-- BRIEF --
Within the records below, reproduce without change the lines from the line that has "then 2 * \<sigma>" through the line that has "unfolding alpha_def deriv", and only those.

[DATASET EXCERPTS Boundary: Start]

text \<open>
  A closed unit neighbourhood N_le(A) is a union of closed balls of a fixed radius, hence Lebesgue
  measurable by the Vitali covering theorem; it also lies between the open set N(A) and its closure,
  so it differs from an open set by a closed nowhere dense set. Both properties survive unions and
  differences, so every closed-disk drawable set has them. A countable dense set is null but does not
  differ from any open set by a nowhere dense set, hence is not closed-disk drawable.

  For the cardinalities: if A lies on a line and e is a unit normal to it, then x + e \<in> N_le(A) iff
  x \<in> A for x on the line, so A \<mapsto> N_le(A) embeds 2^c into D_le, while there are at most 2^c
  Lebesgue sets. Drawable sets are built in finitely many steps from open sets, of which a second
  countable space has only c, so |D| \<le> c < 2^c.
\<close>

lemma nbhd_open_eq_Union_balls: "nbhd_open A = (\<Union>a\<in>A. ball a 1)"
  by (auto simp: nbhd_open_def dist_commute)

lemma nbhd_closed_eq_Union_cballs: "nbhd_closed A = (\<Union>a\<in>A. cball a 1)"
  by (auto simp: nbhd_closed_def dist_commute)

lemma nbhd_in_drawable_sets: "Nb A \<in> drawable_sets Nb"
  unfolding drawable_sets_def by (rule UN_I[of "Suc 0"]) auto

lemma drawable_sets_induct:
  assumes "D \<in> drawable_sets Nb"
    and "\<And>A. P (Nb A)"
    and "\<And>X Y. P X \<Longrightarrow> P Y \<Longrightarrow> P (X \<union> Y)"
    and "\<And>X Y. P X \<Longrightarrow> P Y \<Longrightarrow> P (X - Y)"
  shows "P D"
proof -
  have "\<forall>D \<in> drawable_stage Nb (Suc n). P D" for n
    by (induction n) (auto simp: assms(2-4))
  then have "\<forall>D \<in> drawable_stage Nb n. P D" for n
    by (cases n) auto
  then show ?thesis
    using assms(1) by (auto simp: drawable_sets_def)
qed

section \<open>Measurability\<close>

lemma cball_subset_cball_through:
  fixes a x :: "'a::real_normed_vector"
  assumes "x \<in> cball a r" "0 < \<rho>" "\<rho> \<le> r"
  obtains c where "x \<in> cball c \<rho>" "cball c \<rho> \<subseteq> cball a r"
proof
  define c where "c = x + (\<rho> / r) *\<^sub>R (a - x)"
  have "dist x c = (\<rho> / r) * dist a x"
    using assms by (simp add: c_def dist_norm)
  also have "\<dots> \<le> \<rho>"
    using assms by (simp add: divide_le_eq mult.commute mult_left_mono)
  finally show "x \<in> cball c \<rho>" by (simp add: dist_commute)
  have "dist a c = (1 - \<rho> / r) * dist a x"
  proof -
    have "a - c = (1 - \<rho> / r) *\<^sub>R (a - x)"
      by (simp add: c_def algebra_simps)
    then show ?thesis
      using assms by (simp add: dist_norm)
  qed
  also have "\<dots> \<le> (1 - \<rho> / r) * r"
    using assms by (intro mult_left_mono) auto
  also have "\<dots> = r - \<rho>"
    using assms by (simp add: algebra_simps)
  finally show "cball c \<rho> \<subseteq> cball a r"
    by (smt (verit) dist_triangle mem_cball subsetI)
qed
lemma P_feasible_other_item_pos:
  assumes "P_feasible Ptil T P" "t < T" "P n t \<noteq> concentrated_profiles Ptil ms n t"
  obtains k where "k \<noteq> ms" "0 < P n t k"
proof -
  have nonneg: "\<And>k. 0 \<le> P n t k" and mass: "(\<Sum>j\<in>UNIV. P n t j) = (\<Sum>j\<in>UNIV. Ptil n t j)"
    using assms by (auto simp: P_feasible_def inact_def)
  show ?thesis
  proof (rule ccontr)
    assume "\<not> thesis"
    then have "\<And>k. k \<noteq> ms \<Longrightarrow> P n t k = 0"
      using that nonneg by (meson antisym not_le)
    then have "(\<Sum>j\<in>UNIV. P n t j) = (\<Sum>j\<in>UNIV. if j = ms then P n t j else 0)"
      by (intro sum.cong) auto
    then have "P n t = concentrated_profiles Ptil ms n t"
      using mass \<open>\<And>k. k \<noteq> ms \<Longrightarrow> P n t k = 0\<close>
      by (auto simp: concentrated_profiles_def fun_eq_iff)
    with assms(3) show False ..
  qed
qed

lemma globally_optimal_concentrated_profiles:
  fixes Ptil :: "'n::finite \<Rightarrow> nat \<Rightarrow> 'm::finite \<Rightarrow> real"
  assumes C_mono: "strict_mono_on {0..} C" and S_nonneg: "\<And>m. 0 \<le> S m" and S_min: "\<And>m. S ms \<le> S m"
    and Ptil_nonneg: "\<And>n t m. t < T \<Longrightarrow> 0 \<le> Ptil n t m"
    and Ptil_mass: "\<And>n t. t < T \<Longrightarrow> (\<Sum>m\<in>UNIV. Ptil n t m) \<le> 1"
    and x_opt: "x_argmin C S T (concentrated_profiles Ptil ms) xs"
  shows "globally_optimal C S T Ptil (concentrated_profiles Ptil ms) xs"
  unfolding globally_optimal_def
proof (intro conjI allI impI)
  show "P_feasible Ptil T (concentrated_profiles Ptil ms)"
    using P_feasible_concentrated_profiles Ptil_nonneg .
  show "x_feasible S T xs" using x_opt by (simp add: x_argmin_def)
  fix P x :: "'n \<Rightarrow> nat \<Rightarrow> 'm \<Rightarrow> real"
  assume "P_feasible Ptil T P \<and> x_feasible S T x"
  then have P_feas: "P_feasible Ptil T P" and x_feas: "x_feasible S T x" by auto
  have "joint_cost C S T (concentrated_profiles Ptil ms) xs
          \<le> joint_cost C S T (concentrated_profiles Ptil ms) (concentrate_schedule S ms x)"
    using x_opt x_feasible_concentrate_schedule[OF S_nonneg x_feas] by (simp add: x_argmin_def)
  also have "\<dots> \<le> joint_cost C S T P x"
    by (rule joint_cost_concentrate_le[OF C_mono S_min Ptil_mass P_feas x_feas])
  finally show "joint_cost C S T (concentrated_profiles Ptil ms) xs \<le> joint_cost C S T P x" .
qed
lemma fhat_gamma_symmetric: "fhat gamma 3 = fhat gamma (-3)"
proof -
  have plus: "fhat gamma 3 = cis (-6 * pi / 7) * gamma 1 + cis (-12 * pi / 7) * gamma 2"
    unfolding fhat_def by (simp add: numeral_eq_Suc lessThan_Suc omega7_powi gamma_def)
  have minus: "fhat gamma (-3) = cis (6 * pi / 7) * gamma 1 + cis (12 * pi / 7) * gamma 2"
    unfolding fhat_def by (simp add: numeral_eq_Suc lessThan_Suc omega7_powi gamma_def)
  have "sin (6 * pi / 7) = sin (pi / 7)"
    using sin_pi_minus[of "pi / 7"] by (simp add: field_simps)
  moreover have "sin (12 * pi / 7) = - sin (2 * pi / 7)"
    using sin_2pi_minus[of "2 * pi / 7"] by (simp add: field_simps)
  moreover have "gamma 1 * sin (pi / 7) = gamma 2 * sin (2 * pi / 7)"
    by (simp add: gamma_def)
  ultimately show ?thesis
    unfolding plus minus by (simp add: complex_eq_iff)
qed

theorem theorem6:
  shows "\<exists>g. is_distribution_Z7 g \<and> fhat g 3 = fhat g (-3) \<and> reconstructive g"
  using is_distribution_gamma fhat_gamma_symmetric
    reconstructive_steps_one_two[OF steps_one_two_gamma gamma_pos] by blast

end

[DATASET EXCERPTS Boundary: End]
[DATASET EXCERPTS Boundary: Start]

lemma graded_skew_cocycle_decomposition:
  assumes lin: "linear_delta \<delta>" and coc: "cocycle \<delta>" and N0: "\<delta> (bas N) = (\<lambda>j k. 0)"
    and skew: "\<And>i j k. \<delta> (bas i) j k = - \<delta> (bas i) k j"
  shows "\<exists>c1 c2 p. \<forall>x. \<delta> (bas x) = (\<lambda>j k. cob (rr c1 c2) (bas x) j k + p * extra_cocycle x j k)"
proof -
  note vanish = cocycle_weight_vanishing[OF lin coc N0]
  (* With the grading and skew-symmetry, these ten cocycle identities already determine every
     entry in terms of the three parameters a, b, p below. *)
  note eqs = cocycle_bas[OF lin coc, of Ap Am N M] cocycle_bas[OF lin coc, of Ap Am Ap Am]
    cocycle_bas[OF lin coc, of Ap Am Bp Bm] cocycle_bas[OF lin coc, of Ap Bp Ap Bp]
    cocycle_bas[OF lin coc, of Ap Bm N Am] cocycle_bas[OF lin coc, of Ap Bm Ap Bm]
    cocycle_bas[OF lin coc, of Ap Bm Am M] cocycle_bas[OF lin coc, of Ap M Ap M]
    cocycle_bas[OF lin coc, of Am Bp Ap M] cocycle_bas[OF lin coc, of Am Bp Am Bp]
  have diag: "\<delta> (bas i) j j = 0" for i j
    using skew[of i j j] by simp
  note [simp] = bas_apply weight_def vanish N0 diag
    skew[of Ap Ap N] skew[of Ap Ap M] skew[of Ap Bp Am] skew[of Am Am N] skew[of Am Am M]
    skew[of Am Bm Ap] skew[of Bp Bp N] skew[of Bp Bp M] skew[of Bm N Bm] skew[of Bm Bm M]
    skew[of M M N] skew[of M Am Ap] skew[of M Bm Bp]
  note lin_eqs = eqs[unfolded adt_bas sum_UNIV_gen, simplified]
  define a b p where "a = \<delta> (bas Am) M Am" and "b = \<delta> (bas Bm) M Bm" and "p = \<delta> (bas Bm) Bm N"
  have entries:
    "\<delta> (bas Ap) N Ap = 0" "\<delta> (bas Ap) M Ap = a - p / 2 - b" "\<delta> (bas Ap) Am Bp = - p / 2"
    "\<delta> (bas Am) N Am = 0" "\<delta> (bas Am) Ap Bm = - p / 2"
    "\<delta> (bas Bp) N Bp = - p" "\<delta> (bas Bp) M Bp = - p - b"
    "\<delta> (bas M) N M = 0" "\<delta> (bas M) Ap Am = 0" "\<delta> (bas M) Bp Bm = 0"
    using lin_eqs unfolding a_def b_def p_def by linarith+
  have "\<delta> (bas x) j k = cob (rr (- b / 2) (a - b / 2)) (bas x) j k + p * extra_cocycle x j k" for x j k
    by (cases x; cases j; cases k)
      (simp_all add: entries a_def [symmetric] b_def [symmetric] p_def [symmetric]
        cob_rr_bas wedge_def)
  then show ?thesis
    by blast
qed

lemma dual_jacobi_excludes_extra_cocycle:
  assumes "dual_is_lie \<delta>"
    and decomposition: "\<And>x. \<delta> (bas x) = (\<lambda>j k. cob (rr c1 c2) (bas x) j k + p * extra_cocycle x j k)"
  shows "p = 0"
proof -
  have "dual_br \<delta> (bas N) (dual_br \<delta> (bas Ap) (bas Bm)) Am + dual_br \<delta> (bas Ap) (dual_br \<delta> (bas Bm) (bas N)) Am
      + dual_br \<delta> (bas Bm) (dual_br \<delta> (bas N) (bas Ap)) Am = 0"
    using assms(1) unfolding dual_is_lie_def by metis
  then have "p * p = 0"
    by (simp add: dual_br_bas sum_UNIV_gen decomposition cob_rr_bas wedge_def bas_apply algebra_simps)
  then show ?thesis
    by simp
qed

[DATASET EXCERPTS Boundary: End]
[DATASET EXCERPTS Boundary: Start]

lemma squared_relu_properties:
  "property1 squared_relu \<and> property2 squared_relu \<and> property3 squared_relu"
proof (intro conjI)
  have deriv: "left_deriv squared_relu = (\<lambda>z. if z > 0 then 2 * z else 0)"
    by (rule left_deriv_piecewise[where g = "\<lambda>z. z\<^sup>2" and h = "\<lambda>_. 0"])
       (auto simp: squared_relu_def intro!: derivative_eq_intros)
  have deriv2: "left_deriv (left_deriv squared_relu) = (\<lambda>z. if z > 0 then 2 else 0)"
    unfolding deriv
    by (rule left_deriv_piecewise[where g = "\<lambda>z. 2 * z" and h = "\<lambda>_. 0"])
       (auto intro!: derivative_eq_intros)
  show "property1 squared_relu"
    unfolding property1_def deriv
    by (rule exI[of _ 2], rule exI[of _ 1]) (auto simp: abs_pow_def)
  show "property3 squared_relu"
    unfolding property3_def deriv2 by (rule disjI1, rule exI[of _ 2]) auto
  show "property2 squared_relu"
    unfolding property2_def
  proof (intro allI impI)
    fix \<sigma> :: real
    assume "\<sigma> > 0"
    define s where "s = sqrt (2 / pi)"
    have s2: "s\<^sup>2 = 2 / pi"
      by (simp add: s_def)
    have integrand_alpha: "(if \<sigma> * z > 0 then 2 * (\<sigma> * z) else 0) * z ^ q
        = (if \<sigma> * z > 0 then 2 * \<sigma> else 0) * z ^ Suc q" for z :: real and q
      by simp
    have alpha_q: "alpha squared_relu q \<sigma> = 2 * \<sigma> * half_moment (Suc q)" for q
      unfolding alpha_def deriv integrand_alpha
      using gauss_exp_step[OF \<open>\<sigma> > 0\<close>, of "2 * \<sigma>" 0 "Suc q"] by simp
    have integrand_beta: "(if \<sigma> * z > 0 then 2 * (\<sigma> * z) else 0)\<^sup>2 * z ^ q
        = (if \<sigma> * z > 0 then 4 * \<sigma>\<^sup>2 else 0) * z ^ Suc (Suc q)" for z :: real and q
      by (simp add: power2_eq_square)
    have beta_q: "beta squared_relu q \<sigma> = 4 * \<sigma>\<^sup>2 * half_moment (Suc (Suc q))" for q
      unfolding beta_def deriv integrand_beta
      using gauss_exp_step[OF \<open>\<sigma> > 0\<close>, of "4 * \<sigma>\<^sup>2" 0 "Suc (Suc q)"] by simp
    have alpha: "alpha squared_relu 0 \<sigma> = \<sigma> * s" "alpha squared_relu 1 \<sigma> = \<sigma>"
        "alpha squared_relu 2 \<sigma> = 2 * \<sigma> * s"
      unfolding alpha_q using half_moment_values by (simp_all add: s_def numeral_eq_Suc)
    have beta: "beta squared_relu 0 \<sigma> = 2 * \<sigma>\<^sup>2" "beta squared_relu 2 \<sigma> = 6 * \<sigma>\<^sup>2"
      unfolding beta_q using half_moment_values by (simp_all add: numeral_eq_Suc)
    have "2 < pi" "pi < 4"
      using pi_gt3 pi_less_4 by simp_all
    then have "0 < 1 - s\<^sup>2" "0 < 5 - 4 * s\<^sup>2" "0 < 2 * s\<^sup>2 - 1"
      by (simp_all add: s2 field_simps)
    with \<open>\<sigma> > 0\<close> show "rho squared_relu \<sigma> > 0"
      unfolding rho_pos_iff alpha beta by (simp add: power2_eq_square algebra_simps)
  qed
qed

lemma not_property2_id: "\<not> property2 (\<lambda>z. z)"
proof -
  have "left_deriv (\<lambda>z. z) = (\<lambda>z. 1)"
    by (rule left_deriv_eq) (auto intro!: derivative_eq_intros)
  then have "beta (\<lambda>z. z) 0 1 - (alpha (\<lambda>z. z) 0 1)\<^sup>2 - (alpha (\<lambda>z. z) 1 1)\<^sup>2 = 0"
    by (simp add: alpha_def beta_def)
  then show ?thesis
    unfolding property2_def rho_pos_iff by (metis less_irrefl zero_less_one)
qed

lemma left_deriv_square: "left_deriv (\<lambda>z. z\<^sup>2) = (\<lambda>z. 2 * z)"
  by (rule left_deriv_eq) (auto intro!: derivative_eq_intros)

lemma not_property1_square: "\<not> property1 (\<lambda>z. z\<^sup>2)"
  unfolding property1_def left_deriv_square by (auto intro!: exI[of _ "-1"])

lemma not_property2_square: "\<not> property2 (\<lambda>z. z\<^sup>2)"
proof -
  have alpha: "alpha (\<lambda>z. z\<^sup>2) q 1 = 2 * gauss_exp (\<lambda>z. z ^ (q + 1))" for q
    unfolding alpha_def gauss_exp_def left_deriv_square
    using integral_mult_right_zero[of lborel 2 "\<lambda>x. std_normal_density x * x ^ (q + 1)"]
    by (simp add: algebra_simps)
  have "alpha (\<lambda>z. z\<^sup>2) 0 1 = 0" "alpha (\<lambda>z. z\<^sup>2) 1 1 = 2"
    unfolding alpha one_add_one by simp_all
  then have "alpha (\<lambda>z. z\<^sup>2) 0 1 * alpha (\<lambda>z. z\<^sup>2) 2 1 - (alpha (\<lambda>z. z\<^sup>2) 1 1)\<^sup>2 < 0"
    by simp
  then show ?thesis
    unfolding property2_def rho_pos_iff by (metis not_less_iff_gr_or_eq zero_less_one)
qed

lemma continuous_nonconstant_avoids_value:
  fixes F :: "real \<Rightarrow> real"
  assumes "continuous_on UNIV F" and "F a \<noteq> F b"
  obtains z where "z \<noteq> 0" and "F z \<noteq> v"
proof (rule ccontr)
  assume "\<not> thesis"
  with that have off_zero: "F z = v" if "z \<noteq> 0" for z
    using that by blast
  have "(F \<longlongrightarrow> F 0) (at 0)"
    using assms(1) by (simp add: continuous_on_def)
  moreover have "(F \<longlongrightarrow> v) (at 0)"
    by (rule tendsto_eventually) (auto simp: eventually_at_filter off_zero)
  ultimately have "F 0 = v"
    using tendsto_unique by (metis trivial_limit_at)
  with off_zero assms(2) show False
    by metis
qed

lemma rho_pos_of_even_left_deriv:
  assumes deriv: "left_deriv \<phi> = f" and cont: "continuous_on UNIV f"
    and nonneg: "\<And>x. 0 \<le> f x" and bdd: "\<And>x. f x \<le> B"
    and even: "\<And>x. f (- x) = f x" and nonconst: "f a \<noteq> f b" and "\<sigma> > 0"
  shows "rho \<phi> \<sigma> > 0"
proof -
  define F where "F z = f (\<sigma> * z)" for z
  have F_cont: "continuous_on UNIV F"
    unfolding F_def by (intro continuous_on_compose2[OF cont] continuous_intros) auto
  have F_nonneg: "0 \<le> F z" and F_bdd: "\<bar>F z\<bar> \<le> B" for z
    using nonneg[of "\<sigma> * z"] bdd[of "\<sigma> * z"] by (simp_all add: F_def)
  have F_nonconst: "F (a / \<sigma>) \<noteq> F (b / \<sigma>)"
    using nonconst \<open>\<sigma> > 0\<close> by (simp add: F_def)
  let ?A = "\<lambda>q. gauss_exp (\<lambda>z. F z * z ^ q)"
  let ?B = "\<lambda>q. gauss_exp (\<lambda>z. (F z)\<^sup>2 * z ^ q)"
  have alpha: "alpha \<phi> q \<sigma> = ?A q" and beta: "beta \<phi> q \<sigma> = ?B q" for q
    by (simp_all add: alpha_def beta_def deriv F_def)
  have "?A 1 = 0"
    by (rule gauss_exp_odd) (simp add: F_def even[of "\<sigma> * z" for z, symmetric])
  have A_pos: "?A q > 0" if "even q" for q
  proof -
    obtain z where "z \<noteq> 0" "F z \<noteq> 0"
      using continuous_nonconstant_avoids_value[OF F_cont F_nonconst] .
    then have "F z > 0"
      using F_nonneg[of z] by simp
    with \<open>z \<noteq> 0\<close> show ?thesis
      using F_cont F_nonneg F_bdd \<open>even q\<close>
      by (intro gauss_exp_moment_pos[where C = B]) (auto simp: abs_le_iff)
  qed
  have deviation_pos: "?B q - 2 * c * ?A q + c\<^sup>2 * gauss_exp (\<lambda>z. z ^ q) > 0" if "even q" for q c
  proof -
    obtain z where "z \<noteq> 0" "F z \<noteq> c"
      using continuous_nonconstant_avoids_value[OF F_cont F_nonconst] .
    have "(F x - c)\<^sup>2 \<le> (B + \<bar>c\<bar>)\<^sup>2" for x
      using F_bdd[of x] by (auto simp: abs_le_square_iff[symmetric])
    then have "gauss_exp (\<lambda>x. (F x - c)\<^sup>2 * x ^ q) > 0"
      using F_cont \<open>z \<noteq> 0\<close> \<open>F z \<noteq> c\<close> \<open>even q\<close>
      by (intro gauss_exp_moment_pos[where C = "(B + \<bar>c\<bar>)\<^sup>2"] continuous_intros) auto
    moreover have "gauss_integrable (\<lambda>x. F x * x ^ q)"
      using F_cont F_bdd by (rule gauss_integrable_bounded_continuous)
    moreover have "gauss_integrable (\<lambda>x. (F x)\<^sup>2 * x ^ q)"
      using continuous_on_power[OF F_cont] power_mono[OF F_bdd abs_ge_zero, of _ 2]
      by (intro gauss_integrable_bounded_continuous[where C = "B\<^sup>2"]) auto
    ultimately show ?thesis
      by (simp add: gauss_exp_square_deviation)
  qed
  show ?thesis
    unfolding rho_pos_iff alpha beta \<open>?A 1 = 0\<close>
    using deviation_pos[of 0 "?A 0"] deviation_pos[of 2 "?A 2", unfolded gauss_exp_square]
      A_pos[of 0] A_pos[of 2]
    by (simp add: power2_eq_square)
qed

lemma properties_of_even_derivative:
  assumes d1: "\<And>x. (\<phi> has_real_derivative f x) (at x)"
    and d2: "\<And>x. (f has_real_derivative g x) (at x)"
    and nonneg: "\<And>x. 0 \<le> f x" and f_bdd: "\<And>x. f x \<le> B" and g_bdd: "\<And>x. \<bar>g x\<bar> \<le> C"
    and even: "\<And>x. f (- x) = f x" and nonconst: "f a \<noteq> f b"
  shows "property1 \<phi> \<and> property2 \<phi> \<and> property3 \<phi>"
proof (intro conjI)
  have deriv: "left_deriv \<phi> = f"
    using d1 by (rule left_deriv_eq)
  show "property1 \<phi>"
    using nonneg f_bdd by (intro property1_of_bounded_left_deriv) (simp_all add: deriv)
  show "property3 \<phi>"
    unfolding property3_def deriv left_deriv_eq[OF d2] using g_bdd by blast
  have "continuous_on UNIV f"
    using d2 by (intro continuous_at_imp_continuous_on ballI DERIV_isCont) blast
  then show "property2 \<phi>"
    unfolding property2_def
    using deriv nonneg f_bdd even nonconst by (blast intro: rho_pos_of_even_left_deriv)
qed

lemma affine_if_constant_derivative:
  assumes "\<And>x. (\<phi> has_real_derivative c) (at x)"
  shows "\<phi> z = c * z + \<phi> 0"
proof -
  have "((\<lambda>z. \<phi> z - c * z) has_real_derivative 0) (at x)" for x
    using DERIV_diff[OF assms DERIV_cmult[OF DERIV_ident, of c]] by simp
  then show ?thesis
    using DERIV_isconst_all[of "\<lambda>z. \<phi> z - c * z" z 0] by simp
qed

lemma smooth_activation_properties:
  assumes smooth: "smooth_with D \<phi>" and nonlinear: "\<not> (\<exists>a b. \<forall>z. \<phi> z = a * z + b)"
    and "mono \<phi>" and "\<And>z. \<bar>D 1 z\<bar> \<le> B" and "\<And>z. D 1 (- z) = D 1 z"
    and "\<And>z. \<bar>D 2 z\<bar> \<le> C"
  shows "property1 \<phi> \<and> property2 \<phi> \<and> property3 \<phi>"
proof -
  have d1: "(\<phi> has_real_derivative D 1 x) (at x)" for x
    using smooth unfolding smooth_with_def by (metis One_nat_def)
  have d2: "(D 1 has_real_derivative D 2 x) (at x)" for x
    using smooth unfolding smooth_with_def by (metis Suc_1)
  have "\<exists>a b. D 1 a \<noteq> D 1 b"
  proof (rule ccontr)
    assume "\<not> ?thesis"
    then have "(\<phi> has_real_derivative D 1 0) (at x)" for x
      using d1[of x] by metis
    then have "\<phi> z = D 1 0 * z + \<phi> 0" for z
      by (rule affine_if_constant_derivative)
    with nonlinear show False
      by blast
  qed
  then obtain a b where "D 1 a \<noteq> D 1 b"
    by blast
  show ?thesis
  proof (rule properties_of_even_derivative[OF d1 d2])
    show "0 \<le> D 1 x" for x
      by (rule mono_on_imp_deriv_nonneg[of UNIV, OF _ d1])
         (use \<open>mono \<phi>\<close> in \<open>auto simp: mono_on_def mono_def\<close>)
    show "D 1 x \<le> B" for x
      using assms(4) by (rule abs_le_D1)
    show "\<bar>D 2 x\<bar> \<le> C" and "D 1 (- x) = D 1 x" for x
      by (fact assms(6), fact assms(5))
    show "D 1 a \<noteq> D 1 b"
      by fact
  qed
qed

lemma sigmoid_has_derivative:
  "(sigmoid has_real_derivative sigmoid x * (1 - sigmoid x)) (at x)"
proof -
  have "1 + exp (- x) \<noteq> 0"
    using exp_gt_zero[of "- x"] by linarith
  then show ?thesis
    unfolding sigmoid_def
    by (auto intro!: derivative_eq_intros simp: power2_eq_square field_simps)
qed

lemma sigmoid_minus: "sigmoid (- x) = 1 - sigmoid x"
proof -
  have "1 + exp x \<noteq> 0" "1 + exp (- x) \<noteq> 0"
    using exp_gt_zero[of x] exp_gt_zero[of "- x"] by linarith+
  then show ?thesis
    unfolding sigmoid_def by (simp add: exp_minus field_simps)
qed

[DATASET EXCERPTS Boundary: End]

-- WORKED SOLUTION --
        = (if \<sigma> * z > 0 then 2 * \<sigma> else 0) * z ^ Suc q" for z :: real and q
      by simp
    have alpha_q: "alpha squared_relu q \<sigma> = 2 * \<sigma> * half_moment (Suc q)" for q
      unfolding alpha_def deriv integrand_alpha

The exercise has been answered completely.